Retyping the entire listing exactly is the task.
*** Opening THE INPUT ***
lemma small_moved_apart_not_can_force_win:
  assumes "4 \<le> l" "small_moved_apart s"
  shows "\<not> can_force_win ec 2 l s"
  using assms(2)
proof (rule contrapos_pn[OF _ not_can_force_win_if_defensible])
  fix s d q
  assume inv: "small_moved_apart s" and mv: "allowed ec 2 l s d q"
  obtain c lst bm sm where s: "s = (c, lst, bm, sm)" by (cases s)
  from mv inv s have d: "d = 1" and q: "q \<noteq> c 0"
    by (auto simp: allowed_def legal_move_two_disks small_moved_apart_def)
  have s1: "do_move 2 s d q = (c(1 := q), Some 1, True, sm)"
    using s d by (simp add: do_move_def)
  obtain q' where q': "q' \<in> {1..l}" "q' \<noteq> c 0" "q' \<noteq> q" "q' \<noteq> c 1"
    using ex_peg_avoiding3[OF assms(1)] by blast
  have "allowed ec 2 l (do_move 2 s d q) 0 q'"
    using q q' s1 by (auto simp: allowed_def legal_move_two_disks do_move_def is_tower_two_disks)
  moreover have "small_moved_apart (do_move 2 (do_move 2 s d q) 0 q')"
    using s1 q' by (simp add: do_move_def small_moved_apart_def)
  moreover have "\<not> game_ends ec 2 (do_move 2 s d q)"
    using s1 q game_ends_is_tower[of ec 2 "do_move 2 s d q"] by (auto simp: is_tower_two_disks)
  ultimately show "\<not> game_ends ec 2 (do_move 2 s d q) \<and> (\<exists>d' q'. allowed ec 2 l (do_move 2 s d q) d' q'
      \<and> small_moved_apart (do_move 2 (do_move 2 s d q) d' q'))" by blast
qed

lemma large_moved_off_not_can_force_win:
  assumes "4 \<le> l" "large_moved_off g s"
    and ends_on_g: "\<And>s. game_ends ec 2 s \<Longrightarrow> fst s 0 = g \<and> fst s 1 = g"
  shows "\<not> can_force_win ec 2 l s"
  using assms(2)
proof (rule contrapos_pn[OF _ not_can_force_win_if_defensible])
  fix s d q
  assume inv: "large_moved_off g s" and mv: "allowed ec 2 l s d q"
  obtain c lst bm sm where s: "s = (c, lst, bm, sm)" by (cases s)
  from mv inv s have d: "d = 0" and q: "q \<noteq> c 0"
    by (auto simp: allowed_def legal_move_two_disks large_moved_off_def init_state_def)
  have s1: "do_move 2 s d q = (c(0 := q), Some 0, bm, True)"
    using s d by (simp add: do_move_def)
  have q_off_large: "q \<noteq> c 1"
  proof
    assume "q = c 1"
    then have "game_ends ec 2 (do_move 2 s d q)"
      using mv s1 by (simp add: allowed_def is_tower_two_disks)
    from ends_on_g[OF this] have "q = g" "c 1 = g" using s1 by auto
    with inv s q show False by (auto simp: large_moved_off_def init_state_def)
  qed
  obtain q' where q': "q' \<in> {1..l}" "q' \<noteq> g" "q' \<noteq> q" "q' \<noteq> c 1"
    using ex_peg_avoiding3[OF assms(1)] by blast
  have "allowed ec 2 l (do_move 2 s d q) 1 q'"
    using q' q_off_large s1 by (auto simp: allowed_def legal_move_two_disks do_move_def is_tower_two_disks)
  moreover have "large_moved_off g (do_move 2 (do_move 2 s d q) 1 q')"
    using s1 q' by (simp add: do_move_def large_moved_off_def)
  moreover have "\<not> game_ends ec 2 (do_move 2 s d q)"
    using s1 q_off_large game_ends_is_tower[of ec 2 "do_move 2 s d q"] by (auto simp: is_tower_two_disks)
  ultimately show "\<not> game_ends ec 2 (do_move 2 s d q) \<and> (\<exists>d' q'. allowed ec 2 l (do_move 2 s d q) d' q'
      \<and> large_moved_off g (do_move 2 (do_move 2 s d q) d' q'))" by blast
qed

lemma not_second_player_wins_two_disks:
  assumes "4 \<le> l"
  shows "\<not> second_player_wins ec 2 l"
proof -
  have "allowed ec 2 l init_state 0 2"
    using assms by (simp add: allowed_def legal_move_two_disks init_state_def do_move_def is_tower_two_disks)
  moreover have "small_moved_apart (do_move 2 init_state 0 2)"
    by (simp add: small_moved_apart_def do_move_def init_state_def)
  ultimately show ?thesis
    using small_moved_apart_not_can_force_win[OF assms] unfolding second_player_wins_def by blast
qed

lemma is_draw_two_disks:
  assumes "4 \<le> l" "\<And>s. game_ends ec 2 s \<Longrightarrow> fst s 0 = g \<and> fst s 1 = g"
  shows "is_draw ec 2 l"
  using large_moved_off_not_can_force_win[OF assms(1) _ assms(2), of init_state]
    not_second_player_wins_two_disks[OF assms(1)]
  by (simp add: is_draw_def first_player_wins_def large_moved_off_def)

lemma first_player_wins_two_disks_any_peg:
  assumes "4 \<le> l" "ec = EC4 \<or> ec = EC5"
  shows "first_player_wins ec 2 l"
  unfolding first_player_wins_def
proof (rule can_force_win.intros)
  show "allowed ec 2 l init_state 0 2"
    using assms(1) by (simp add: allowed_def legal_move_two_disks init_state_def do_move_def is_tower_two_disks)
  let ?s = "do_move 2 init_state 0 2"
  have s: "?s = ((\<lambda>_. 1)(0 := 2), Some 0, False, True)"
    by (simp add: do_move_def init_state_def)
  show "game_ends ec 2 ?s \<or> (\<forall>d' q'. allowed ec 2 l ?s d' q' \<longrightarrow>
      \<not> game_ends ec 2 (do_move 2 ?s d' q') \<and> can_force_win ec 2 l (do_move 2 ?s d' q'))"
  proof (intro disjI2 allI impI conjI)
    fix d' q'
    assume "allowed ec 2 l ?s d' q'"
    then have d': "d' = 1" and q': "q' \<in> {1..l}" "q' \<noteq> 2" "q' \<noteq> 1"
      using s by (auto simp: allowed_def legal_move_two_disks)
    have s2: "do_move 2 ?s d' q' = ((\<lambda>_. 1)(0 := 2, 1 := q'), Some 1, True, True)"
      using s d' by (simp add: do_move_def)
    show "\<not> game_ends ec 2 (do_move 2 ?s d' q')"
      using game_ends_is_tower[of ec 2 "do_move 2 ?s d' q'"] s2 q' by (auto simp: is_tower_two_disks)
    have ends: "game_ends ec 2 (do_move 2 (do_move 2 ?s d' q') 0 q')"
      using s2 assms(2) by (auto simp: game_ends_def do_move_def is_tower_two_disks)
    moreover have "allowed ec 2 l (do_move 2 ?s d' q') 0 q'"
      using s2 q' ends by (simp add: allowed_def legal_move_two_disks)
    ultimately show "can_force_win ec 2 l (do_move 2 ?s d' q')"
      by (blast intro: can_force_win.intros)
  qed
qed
*** Closing THE INPUT ***
### [EXERCISE ANSWER]
lemma small_moved_apart_not_can_force_win:
  assumes "4 \<le> l" "small_moved_apart s"
  shows "\<not> can_force_win ec 2 l s"
  using assms(2)
proof (rule contrapos_pn[OF _ not_can_force_win_if_defensible])
  fix s d q
  assume inv: "small_moved_apart s" and mv: "allowed ec 2 l s d q"
  obtain c lst bm sm where s: "s = (c, lst, bm, sm)" by (cases s)
  from mv inv s have d: "d = 1" and q: "q \<noteq> c 0"
    by (auto simp: allowed_def legal_move_two_disks small_moved_apart_def)
  have s1: "do_move 2 s d q = (c(1 := q), Some 1, True, sm)"
    using s d by (simp add: do_move_def)
  obtain q' where q': "q' \<in> {1..l}" "q' \<noteq> c 0" "q' \<noteq> q" "q' \<noteq> c 1"
    using ex_peg_avoiding3[OF assms(1)] by blast
  have "allowed ec 2 l (do_move 2 s d q) 0 q'"
    using q q' s1 by (auto simp: allowed_def legal_move_two_disks do_move_def is_tower_two_disks)
  moreover have "small_moved_apart (do_move 2 (do_move 2 s d q) 0 q')"
    using s1 q' by (simp add: do_move_def small_moved_apart_def)
  moreover have "\<not> game_ends ec 2 (do_move 2 s d q)"
    using s1 q game_ends_is_tower[of ec 2 "do_move 2 s d q"] by (auto simp: is_tower_two_disks)
  ultimately show "\<not> game_ends ec 2 (do_move 2 s d q) \<and> (\<exists>d' q'. allowed ec 2 l (do_move 2 s d q) d' q'
      \<and> small_moved_apart (do_move 2 (do_move 2 s d q) d' q'))" by blast
qed

lemma large_moved_off_not_can_force_win:
  assumes "4 \<le> l" "large_moved_off g s"
    and ends_on_g: "\<And>s. game_ends ec 2 s \<Longrightarrow> fst s 0 = g \<and> fst s 1 = g"
  shows "\<not> can_force_win ec 2 l s"
  using assms(2)
proof (rule contrapos_pn[OF _ not_can_force_win_if_defensible])
  fix s d q
  assume inv: "large_moved_off g s" and mv: "allowed ec 2 l s d q"
  obtain c lst bm sm where s: "s = (c, lst, bm, sm)" by (cases s)
  from mv inv s have d: "d = 0" and q: "q \<noteq> c 0"
    by (auto simp: allowed_def legal_move_two_disks large_moved_off_def init_state_def)
  have s1: "do_move 2 s d q = (c(0 := q), Some 0, bm, True)"
    using s d by (simp add: do_move_def)
  have q_off_large: "q \<noteq> c 1"
  proof
    assume "q = c 1"
    then have "game_ends ec 2 (do_move 2 s d q)"
      using mv s1 by (simp add: allowed_def is_tower_two_disks)
    from ends_on_g[OF this] have "q = g" "c 1 = g" using s1 by auto
    with inv s q show False by (auto simp: large_moved_off_def init_state_def)
  qed
  obtain q' where q': "q' \<in> {1..l}" "q' \<noteq> g" "q' \<noteq> q" "q' \<noteq> c 1"
    using ex_peg_avoiding3[OF assms(1)] by blast
  have "allowed ec 2 l (do_move 2 s d q) 1 q'"
    using q' q_off_large s1 by (auto simp: allowed_def legal_move_two_disks do_move_def is_tower_two_disks)
  moreover have "large_moved_off g (do_move 2 (do_move 2 s d q) 1 q')"
    using s1 q' by (simp add: do_move_def large_moved_off_def)
  moreover have "\<not> game_ends ec 2 (do_move 2 s d q)"
    using s1 q_off_large game_ends_is_tower[of ec 2 "do_move 2 s d q"] by (auto simp: is_tower_two_disks)
  ultimately show "\<not> game_ends ec 2 (do_move 2 s d q) \<and> (\<exists>d' q'. allowed ec 2 l (do_move 2 s d q) d' q'
      \<and> large_moved_off g (do_move 2 (do_move 2 s d q) d' q'))" by blast
qed

lemma not_second_player_wins_two_disks:
  assumes "4 \<le> l"
  shows "\<not> second_player_wins ec 2 l"
proof -
  have "allowed ec 2 l init_state 0 2"
    using assms by (simp add: allowed_def legal_move_two_disks init_state_def do_move_def is_tower_two_disks)
  moreover have "small_moved_apart (do_move 2 init_state 0 2)"
    by (simp add: small_moved_apart_def do_move_def init_state_def)
  ultimately show ?thesis
    using small_moved_apart_not_can_force_win[OF assms] unfolding second_player_wins_def by blast
qed

lemma is_draw_two_disks:
  assumes "4 \<le> l" "\<And>s. game_ends ec 2 s \<Longrightarrow> fst s 0 = g \<and> fst s 1 = g"
  shows "is_draw ec 2 l"
  using large_moved_off_not_can_force_win[OF assms(1) _ assms(2), of init_state]
    not_second_player_wins_two_disks[OF assms(1)]
  by (simp add: is_draw_def first_player_wins_def large_moved_off_def)

lemma first_player_wins_two_disks_any_peg:
  assumes "4 \<le> l" "ec = EC4 \<or> ec = EC5"
  shows "first_player_wins ec 2 l"
  unfolding first_player_wins_def
proof (rule can_force_win.intros)
  show "allowed ec 2 l init_state 0 2"
    using assms(1) by (simp add: allowed_def legal_move_two_disks init_state_def do_move_def is_tower_two_disks)
  let ?s = "do_move 2 init_state 0 2"
  have s: "?s = ((\<lambda>_. 1)(0 := 2), Some 0, False, True)"
    by (simp add: do_move_def init_state_def)
  show "game_ends ec 2 ?s \<or> (\<forall>d' q'. allowed ec 2 l ?s d' q' \<longrightarrow>
      \<not> game_ends ec 2 (do_move 2 ?s d' q') \<and> can_force_win ec 2 l (do_move 2 ?s d' q'))"
  proof (intro disjI2 allI impI conjI)
    fix d' q'
    assume "allowed ec 2 l ?s d' q'"
    then have d': "d' = 1" and q': "q' \<in> {1..l}" "q' \<noteq> 2" "q' \<noteq> 1"
      using s by (auto simp: allowed_def legal_move_two_disks)
    have s2: "do_move 2 ?s d' q' = ((\<lambda>_. 1)(0 := 2, 1 := q'), Some 1, True, True)"
      using s d' by (simp add: do_move_def)
    show "\<not> game_ends ec 2 (do_move 2 ?s d' q')"
      using game_ends_is_tower[of ec 2 "do_move 2 ?s d' q'"] s2 q' by (auto simp: is_tower_two_disks)
    have ends: "game_ends ec 2 (do_move 2 (do_move 2 ?s d' q') 0 q')"
      using s2 assms(2) by (auto simp: game_ends_def do_move_def is_tower_two_disks)
    moreover have "allowed ec 2 l (do_move 2 ?s d' q') 0 q'"
      using s2 q' ends by (simp add: allowed_def legal_move_two_disks)
    ultimately show "can_force_win ec 2 l (do_move 2 ?s d' q')"
      by (blast intro: can_force_win.intros)
  qed
qed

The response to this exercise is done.